All of the possible answers are related to development. The same qualities that make C++ the most performant make it inefficient when it comes to how the code is written. Due to the fact that C++ has hardly any abstraction it makes the development slower, more verbose, repetitive and simply more difficult.
How fast do I need my ideas to get developed?
The answer is always “fast” irrespective of scale, geographical or temporal context. In a lot of situations, this is why it is perfectly reasonable to sacrifice 40% of the performance to increase the development to be 5 times faster. In the end, no one will notice the difference between a 1ms and 2ms response time.
It may be cheaper to pay for more servers than for developers.
The development progress that a lot of projects encounter can be a very difficult problem:
When we started, developing new features was very fast. Now, it takes ages to develop new features or to even make amendments.

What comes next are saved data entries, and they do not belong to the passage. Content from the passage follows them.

lemma fls_of_ser_fam_pdt_lax:
  assumes s: "unit_sign s" and H: "ser_bdd s (H t)" "line_bdd s (1,0) t H" and K: "line_bdd s (1,0) t K"
    and lax: "\<forall>j. ((\<lambda>s'. K (t(q:=s')) j) has_field_derivative pbr H K t j) (at (t q))"
  shows "fls_of_ser s (fam_pdt q K t) = fls_dp s (fls_of_ser s (H t)) * fls_of_ser s (fam_pdt (1,0) K t)
      - fls_of_ser s (fam_pdt (1,0) H t) * fls_dp s (fls_of_ser s (K t))"
  unfolding fam_pdt_eqI[OF lax]
  by (rule fls_of_ser_pbr(2)[OF s H(1) line_bdd_at_base[OF K] fam_pdt_fls(1)[OF s H(2)] fam_pdt_fls(1)[OF s K]])

text \<open>\<open>N\<close> is regarded as a function of \<open>K\<close>: along the line through \<open>t\<close> in direction \<open>t\<^sub>p\<close>
  it agrees up to order \<open>T\<close> with the finite expansion \<open>\<Sum> c\<^sub>x K\<^sup>e\<^sup>x\<close>, whose coefficients
  depend on the times.\<close>
definition expansion ::
  "int \<Rightarrow> fam \<Rightarrow> 'i set \<Rightarrow> ('i \<Rightarrow> times \<Rightarrow> complex) \<Rightarrow> ('i \<Rightarrow> int) \<Rightarrow> times \<Rightarrow> complex fls" where
  "expansion s K S c e t = (\<Sum>x\<in>S. fls_const (c x t) * fls_of_ser s (K t) powi e x)"

definition expansion_dl ::
  "int \<Rightarrow> fam \<Rightarrow> 'i set \<Rightarrow> ('i \<Rightarrow> times \<Rightarrow> complex) \<Rightarrow> ('i \<Rightarrow> int) \<Rightarrow> times \<Rightarrow> complex fls" where
  "expansion_dl s K S c e t = (\<Sum>x\<in>S. fls_const (c x t) * (of_int (e x) * fls_of_ser s (K t) powi (e x - 1)))"

definition expands_on_line ::
  "int \<Rightarrow> nat \<times> nat \<Rightarrow> times \<Rightarrow> fam \<Rightarrow> fam \<Rightarrow> 'i set \<Rightarrow> ('i \<Rightarrow> times \<Rightarrow> complex) \<Rightarrow>
    ('i \<Rightarrow> int) \<Rightarrow> int \<Rightarrow> bool" where
  "expands_on_line s p t K N S c e T \<longleftrightarrow>
     line_bdd s p t K \<and> line_bdd s p t N \<and>
     (\<forall>s'. vanishes_below (-1) (fls_of_ser s (K (t(p:=s')))) \<and> fls_of_ser s (K (t(p:=s'))) $$ (-1) \<noteq> 0) \<and>
     (\<forall>j. (\<lambda>s'. K (t(p:=s')) j) field_differentiable at (t p)) \<and>
     (\<forall>x\<in>S. (\<lambda>s'. c x (t(p:=s'))) field_differentiable at (t p)) \<and>
     (\<forall>s' n. n < T \<longrightarrow> fls_of_ser s (N (t(p:=s'))) $$ n = expansion s K S c e (t(p:=s')) $$ n)"

lemma fls_dp_expansion:
  assumes "fls_of_ser s (K t) \<noteq> 0"
  shows "fls_dp s (expansion s K S c e t) = expansion_dl s K S c e t * fls_dp s (fls_of_ser s (K t))"
  unfolding expansion_def expansion_dl_def fls_dp_sum sum_distrib_right
  by (rule sum.cong) (auto simp: fls_dp_mult fls_dp_const fls_dp_power_int[OF assms] mult.assoc)

lemma has_fls_deriv_expansion_line:
  assumes s: "unit_sign s" and exp: "expands_on_line s p t K N S c e T"
  shows "has_fls_deriv (\<lambda>s'. expansion s K S c e (t(p:=s')))
           (expansion s K S (\<lambda>x. pdt p (c x)) e t + expansion_dl s K S c e t * fls_of_ser s (fam_pdt p K t)) (t p)"
proof -
  define A where "A s' = fls_of_ser s (K (t(p:=s')))" for s'
  have A0: "A (t p) = fls_of_ser s (K t)" by (simp add: A_def)
  have ulA: "unif_vanishes_below (-1) A" and nzA: "\<forall>s'. A s' $$ (-1) \<noteq> 0"
    using exp by (simp_all add: expands_on_line_def unif_vanishes_below_def A_def)
  have "line_bdd s p t K" "\<forall>j. (\<lambda>s'. K (t(p:=s')) j) field_differentiable at (t p)"
    using exp unfolding expands_on_line_def by blast+
  then have hA: "has_fls_deriv A (fls_of_ser s (fam_pdt p K t)) (t p)"
    unfolding A_def by (rule has_fls_deriv_line[OF s])
  have "has_fls_deriv (\<lambda>s'. \<Sum>x\<in>S. fls_const (c x (t(p:=s'))) * A s' powi e x)
     (\<Sum>x\<in>S. fls_const (pdt p (c x) t) * A (t p) powi e x
        + fls_const (c x t) * (of_int (e x) * A (t p) powi (e x - 1) * fls_of_ser s (fam_pdt p K t))) (t p)"
  proof (rule has_fls_deriv_sum)
    fix x assume "x \<in> S"
    then have "((\<lambda>s'. c x (t(p:=s'))) has_field_derivative pdt p (c x) t) (at (t p))"
      using exp by (simp add: expands_on_line_def pdt_def DERIV_deriv_iff_field_differentiable)
    from has_fls_deriv_const_times[OF this has_fls_deriv_power_int[OF ulA nzA hA]]
    show "has_fls_deriv (\<lambda>s'. fls_const (c x (t(p:=s'))) * A s' powi e x)
          (fls_const (pdt p (c x) t) * A (t p) powi e x
        + fls_const (c x t) * (of_int (e x) * A (t p) powi (e x - 1) * fls_of_ser s (fam_pdt p K t))) (t p)"
      by simp
  qed
  then show ?thesis
    unfolding A0 expansion_def expansion_dl_def sum.distrib sum_distrib_right
    by (simp add: A_def mult.assoc)
qed

lemma vanishes_below_fam_pdt_expansion:
  assumes s: "unit_sign s" and exp: "expands_on_line s p t K N S c e T"
  shows "vanishes_below T (fls_of_ser s (fam_pdt p N t)
           - (expansion s K S (\<lambda>x. pdt p (c x)) e t + expansion_dl s K S c e t * fls_of_ser s (fam_pdt p K t)))"
  unfolding vanishes_below_def
proof (intro allI impI)
  fix n assume n: "n < T"
  have N: "line_bdd s p t N" using exp by (simp add: expands_on_line_def)
  have "fls_of_ser s (fam_pdt p N t) $$ n = deriv (\<lambda>s'. fls_of_ser s (N (t(p := s'))) $$ n) (t p)"
    by (rule fam_pdt_fls(2)[OF s N])
  also have "(\<lambda>s'. fls_of_ser s (N (t(p := s'))) $$ n) = (\<lambda>s'. expansion s K S c e (t(p:=s')) $$ n)"
    using exp n by (simp add: expands_on_line_def)
  also have "deriv \<dots> (t p)
      = (expansion s K S (\<lambda>x. pdt p (c x)) e t + expansion_dl s K S c e t * fls_of_ser s (fam_pdt p K t)) $$ n"
    by (rule has_fls_deriv_deriv_nth[OF has_fls_deriv_expansion_line[OF s exp]])
  finally show "(fls_of_ser s (fam_pdt p N t)
           - (expansion s K S (\<lambda>x. pdt p (c x)) e t + expansion_dl s K S c e t * fls_of_ser s (fam_pdt p K t))) $$ n = 0"
    by simp
qed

Of course, it is often caused by a non-qualified team of developers. However, as you already know, things are not as easy as they appear. If you decide to choose a poorly designed framework that lacks abstractions, separations of concerns, functional composition and code organisation, even the best developer can end up in a big mess. This is called an unbalanced code complexity curve. For example, frameworks like Express.js provide a linear (or even exponential) code complexity curve – it is very easy and rapid to start with, then the development gets much more complicated and less efficient. What we want to achieve is a logarithmic curve that offers predictable and stable growth. This is slower at the start when you need to provide all of the foundations, but then it gets easier and easier. A great example of this is Nest.js, which is actually a framework that is built on the top of Express.js but solves a lot of trouble that people used to have with Express.

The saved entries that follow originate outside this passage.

(* Let $p$ be a binary word of length $l$ with $r$ runs, of which $r_1$ have size $1$. For every $n\ge0$, $$B_{n,p}(2)=\begin{cases} r_1\binom{n-r}{l-r+1} & \text{if } l\ge 2,\\[2pt] \binom{n}{2} & \text{if } l=1.\end{cases}$$
   Context: $c_p(w)$ is the number of occurrences of $p$ as a (not necessarily consecutive) subsequence of the binary word $w$; $B_{n,p}(k)$ is the number of binary words $w$ of length $n$ with $c_p(w)=k$. A run is a maximal block of consecutive equal letters; its size is its length; $r_i$ denotes the number of runs of $p$ of size $i$. Convention: $\binom{a}{b}=0$ unless $0\le b\le a$. *)

theory Defs
  imports Main
begin

definition occ :: "bool list \<Rightarrow> bool list \<Rightarrow> nat" where
  "occ p w = card {I. I \<subseteq> {0..<length w} \<and> card I = length p \<and> nths w I = p}"

definition B :: "nat \<Rightarrow> bool list \<Rightarrow> nat \<Rightarrow> nat" where
  "B n p k = card {w :: bool list. length w = n \<and> occ p w = k}"

text \<open>Run decomposition: list of (letter, size) of maximal blocks, left to right.\<close>
fun runs :: "bool list \<Rightarrow> (bool \<times> nat) list" where
  "runs [] = []"
| "runs (x # xs) = (case runs xs of
      [] \<Rightarrow> [(x, 1)]
    | (y, k) # rs \<Rightarrow> (if x = y then (y, Suc k) # rs else (x, 1) # (y, k) # rs))"

definition num_runs :: "bool list \<Rightarrow> nat" where
  "num_runs p = length (runs p)"

definition runs_of_size :: "bool list \<Rightarrow> nat \<Rightarrow> nat" where
  "runs_of_size p i = length (filter (\<lambda>(a, k). k = i) (runs p))"

end

theory Submission
  imports Defs
begin

text \<open>
  Split a word by its first letter: for \<open>p = x # q\<close> we have
  \<open>c\<^sub>p (y # u) = c\<^sub>p u + [y = x] c\<^sub>q u\<close>, and \<open>c\<^sub>q u > 0\<close> whenever \<open>c\<^sub>p u > 0\<close>.
  So a word with \<open>c\<^sub>p = k \<ge> 1\<close> consists of letters \<open>\<not> x\<close>, then \<open>x\<close>, then a word \<open>u\<close> with
  \<open>c\<^sub>p u + c\<^sub>q u = k\<close>: for \<open>k = 1\<close> this means \<open>(c\<^sub>p u, c\<^sub>q u) = (0, 1)\<close>, for \<open>k = 2\<close> it is
  \<open>(0, 2)\<close> or \<open>(1, 1)\<close>. These joint counts are computed by induction on \<open>q\<close>; each is a
  binomial coefficient in \<open>n - r\<close> with lower index \<open>l - r\<close>, and summing over the position of
  the first \<open>x\<close> (hockey stick) raises the lower index by one. Words of type \<open>(1, 1)\<close> exist
  only when the first run of \<open>p\<close> is a singleton, and those of type \<open>(0, 2)\<close> contribute one
  term for each later singleton run; together they give the factor \<open>r\<^sub>1\<close>.
\<close>

section \<open>Counting occurrences of subsequences\<close>

fun subseq_count :: "'a list \<Rightarrow> 'a list \<Rightarrow> nat" where
  "subseq_count [] w = 1"
| "subseq_count (x # p) [] = 0"
| "subseq_count (x # p) (y # w) =
     subseq_count (x # p) w + (if x = y then subseq_count p w else 0)"

definition subseq_embeddings :: "'a list \<Rightarrow> 'a list \<Rightarrow> nat set set" where
  "subseq_embeddings p w = {I. I \<subseteq> {0..<length w} \<and> card I = length p \<and> nths w I = p}"

lemma finite_subseq_embeddings: "finite (subseq_embeddings p w)"
  unfolding subseq_embeddings_def by (rule finite_subset[of _ "Pow {0..<length w}"]) auto

lemma subseq_embeddings_Nil: "subseq_embeddings [] w = {{}}"
  unfolding subseq_embeddings_def using finite_subset by fastforce

lemma subseq_embeddings_Cons_Nil: "subseq_embeddings (x # p) [] = {}"
  unfolding subseq_embeddings_def by auto

lemma Suc_preimage_Suc_image [simp]: "{j. Suc j \<in> Suc ` J} = J"
  by auto

lemma Suc_preimage_insert_0 [simp]: "{j. Suc j \<in> insert 0 (Suc ` J)} = J"
  by auto

lemma insert_0_Suc_image_preimage: "0 \<in> I \<Longrightarrow> insert 0 (Suc ` {j. Suc j \<in> I}) = I"
  by (auto simp: image_iff) (metis not0_implies_Suc)

lemma Suc_image_preimage: "0 \<notin> I \<Longrightarrow> Suc ` {j. Suc j \<in> I} = I"
  by (auto simp: image_iff) (metis not0_implies_Suc)

lemma nths_Cons_Suc_image [simp]: "nths (y # w) (Suc ` J) = nths w J"
  by (simp add: nths_Cons)

lemma nths_Cons_insert_0 [simp]: "nths (y # w) (insert 0 (Suc ` J)) = y # nths w J"
  by (simp add: nths_Cons)

lemma Suc_image_in_subseq_embeddings:
  "J \<in> subseq_embeddings p w \<Longrightarrow> Suc ` J \<in> subseq_embeddings p (y # w)"
  unfolding subseq_embeddings_def by (auto simp: card_image)

lemma insert_0_in_subseq_embeddings:
  assumes "J \<in> subseq_embeddings p w"
  shows "insert 0 (Suc ` J) \<in> subseq_embeddings (y # p) (y # w)"
proof -
  have "finite J"
    using assms finite_subset unfolding subseq_embeddings_def by blast
  then show ?thesis
    using assms unfolding subseq_embeddings_def by (auto simp: card_image)
qed

lemma subseq_embeddings_Cons_Cons:
  "subseq_embeddings (x # p) (y # w) =
     image Suc ` subseq_embeddings (x # p) w \<union>
     (if x = y then (\<lambda>J. insert 0 (Suc ` J)) ` subseq_embeddings p w else {})"
  (is "?L = ?R")
proof (intro equalityI subsetI)
  fix I assume "I \<in> ?L"
  then have I: "I \<subseteq> {0..<Suc (length w)}" "card I = Suc (length p)" "nths (y # w) I = x # p"
    unfolding subseq_embeddings_def by auto
  define J where "J = {j. Suc j \<in> I}"
  have J_sub: "J \<subseteq> {0..<length w}"
    using I(1) unfolding J_def by auto
  then have "finite J"
    by (rule finite_subset) simp
  show "I \<in> ?R"
  proof (cases "0 \<in> I")
    case True
    then have I_eq: "I = insert 0 (Suc ` J)"
      unfolding J_def by (rule insert_0_Suc_image_preimage[symmetric])
    then have "card J = length p"
      using I(2) \<open>finite J\<close> by (simp add: card_image)
    moreover have "x = y" "nths w J = p"
      using I(3) I_eq by auto
    ultimately have "J \<in> subseq_embeddings p w"
      using J_sub unfolding subseq_embeddings_def by simp
    then show ?thesis
      using I_eq \<open>x = y\<close> by simp
  next
    case False
    then have I_eq: "I = Suc ` J"
      unfolding J_def by (rule Suc_image_preimage[symmetric])
    then have "J \<in> subseq_embeddings (x # p) w"
      using I J_sub unfolding subseq_embeddings_def by (simp add: card_image)
    then show ?thesis
      using I_eq by simp
  qed
next
  fix I assume "I \<in> ?R"
  then show "I \<in> ?L"
    using Suc_image_in_subseq_embeddings insert_0_in_subseq_embeddings
    by (auto split: if_splits)
qed

lemma card_subseq_embeddings: "card (subseq_embeddings p w) = subseq_count p w"
proof (induction w arbitrary: p)
  case Nil
  then show ?case by (cases p) (auto simp: subseq_embeddings_Nil subseq_embeddings_Cons_Nil)
next
  case (Cons y w)
  show ?case
  proof (cases p)
    case Nil
    then show ?thesis by (simp add: subseq_embeddings_Nil)
  next
    case (Cons x p')
    have inj_Suc: "inj_on (image Suc) A" for A :: "nat set set"
      by (rule inj_on_inverseI[where g = "\<lambda>I. {j. Suc j \<in> I}"]) simp
    have inj_insert: "inj_on (\<lambda>J. insert 0 (Suc ` J)) A" for A :: "nat set set"
      by (rule inj_on_inverseI[where g = "\<lambda>I. {j. Suc j \<in> I}"]) simp
    have disjoint: "image Suc ` A \<inter> (\<lambda>J. insert 0 (Suc ` J)) ` B = {}" for A B :: "nat set set"
      by auto
    have "card (image Suc ` subseq_embeddings p w) = subseq_count p w" for p
      using Cons.IH by (simp add: card_image[OF inj_Suc])
    moreover have "card ((\<lambda>J. insert 0 (Suc ` J)) ` subseq_embeddings p w) = subseq_count p w" for p
      using Cons.IH by (simp add: card_image[OF inj_insert])
    ultimately show ?thesis
      unfolding Cons subseq_embeddings_Cons_Cons
      by (simp add: card_Un_disjoint[OF _ _ disjoint] finite_subseq_embeddings)
  qed
qed

lemma occ_eq_subseq_count: "occ p w = subseq_count p w"
  unfolding occ_def card_subseq_embeddings[symmetric] subseq_embeddings_def ..

lemma subseq_count_le_Cons: "subseq_count q u \<le> subseq_count q (z # u)"
  by (cases q) auto

lemma subseq_count_tl_pos: "0 < subseq_count (x # q) u \<Longrightarrow> 0 < subseq_count q u"
proof (induction u)
  case Nil
  then show ?case by simp
next
  case (Cons z u)
  then show ?case
    using subseq_count_le_Cons[of q u z] by (auto split: if_splits)
qed

lemma subseq_count_Cons_eq_0: "subseq_count q u = 0 \<Longrightarrow> subseq_count (x # q) u = 0"
  using subseq_count_tl_pos[of x q u] by (cases "subseq_count (x # q) u") auto

lemma subseq_count_repeated_head:
  "subseq_count (x # q) u = 1 \<Longrightarrow> subseq_count (x # x # q) u = 0"
proof (induction u)
  case Nil
  then show ?case by simp
next
  case (Cons z u)
  show ?case
  proof (cases "z = x")
    case True
    then have "subseq_count (x # q) u + subseq_count q u = 1"
      using Cons.prems by simp
    then have "subseq_count (x # q) u = 0"
      using subseq_count_tl_pos[of x q u] by linarith
    then show ?thesis
      using True subseq_count_Cons_eq_0 by simp
  next
    case False
    then show ?thesis using Cons by simp
  qed
qed

lemma subseq_count_Cons_add_eq_1:
  "subseq_count (x # q) u + subseq_count q u = 1 \<longleftrightarrow>
     subseq_count (x # q) u = 0 \<and> subseq_count q u = 1"
  using subseq_count_tl_pos[of x q u] by (cases "subseq_count (x # q) u") auto

lemma subseq_count_Cons_add_eq_2:
  "subseq_count (x # q) u + subseq_count q u = 2 \<longleftrightarrow>
     subseq_count (x # q) u = 0 \<and> subseq_count q u = 2 \<or>
     subseq_count (x # q) u = 1 \<and> subseq_count q u = 1"
  using subseq_count_tl_pos[of x q u] by (cases "subseq_count (x # q) u") auto

section \<open>Counting binary words\<close>

definition count_words :: "nat \<Rightarrow> (bool list \<Rightarrow> bool) \<Rightarrow> nat" where
  "count_words n P = card {w. length w = n \<and> P w}"

lemma finite_words_of_length: "finite {w :: bool list. length w = n \<and> P w}"
  by (rule finite_subset[OF _ finite_lists_length_eq[of "UNIV :: bool set" n]]) auto

lemma count_words_0: "count_words 0 P = (if P [] then 1 else 0)"
proof -
  have "{w :: bool list. length w = 0 \<and> P w} = (if P [] then {[]} else {})"
    by auto
  then show ?thesis unfolding count_words_def by simp
qed

lemma count_words_Suc:
  "count_words (Suc n) P = count_words n (\<lambda>u. P (x # u)) + count_words n (\<lambda>u. P ((\<not> x) # u))"
proof -
  let ?A = "Cons x ` {u. length u = n \<and> P (x # u)}"
  let ?B = "Cons (\<not> x) ` {u. length u = n \<and> P ((\<not> x) # u)}"
  have "{w. length w = Suc n \<and> P w} = ?A \<union> ?B"
  proof (intro equalityI subsetI)
    fix w assume "w \<in> {w. length w = Suc n \<and> P w}"
    then obtain z u where "w = z # u" "length u = n" "P (z # u)"
      by (cases w) auto
    then show "w \<in> ?A \<union> ?B"
      by (cases "z = x") auto
  qed auto
  moreover have "card (?A \<union> ?B) = card ?A + card ?B"
    by (rule card_Un_disjoint) (auto simp: finite_words_of_length)
  ultimately show ?thesis
    unfolding count_words_def by (simp add: card_image)
qed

Code complexity also has a tremendous impact on testing. There could be a lot of issues with testing badly designed code. Firstly, it is hard to come up with a proper test case if the code is vague and hard to understand. If the separation of concerns is done poorly, then it is hard to mock and isolate side effects. The worst-case scenario is that the code could even be untestable.
Besides the purely technological issues related to development, there is also another aspect which I like to call “being responsible”.
Technological decisions have real-world consequences.
Let’s start with the obvious – you have to find developers for your team. The difficulty of this may vary based on your decisions. It is easier to hire a Node developer than a Rust developer. It is easier to replace a Java developer than a C++ developer. It is easier to find a Rails developer than a Hemera developer.
The next thing to consider is the stability of the technology that you choose. You have to be sure that the version you’re using is production-ready since the last thing you want are unexpected bugs in a framework that no one knows how to solve.
You also don’t want to commit to tools that will be completely changed in the next version, consequently making your whole codebase automatically outdated.
You should always prefer solutions with a more active and growing community. “Small and growing” is usually better for new projects than “large and decreasing”. You can always check how the community looks on Github, package repositories, StackOverflow, etc…
These issues equate to what we may call the maturity of the technology. Sometimes, maturity maybe even more important than performance. Let’s compare two graph-oriented databases, Neo4J and DGraph. The first one is a mature solution with big support with a lot of published books, conferences and organized events. The latter is a more modern approach which is faster since it’s written in Go instead of Java. You should always investigate if you need an extra “oomph” in performance at the cost of less support. Maybe, you should choose a more conservative approach…
As I hope you can see, there are no universal solutions when it comes to technology. However, there are rights and wrongs. That is what makes the Software Architect role both indispensable and difficult. Our role is to carry out honest research, balance quite a lot of factors and help you make the best decision.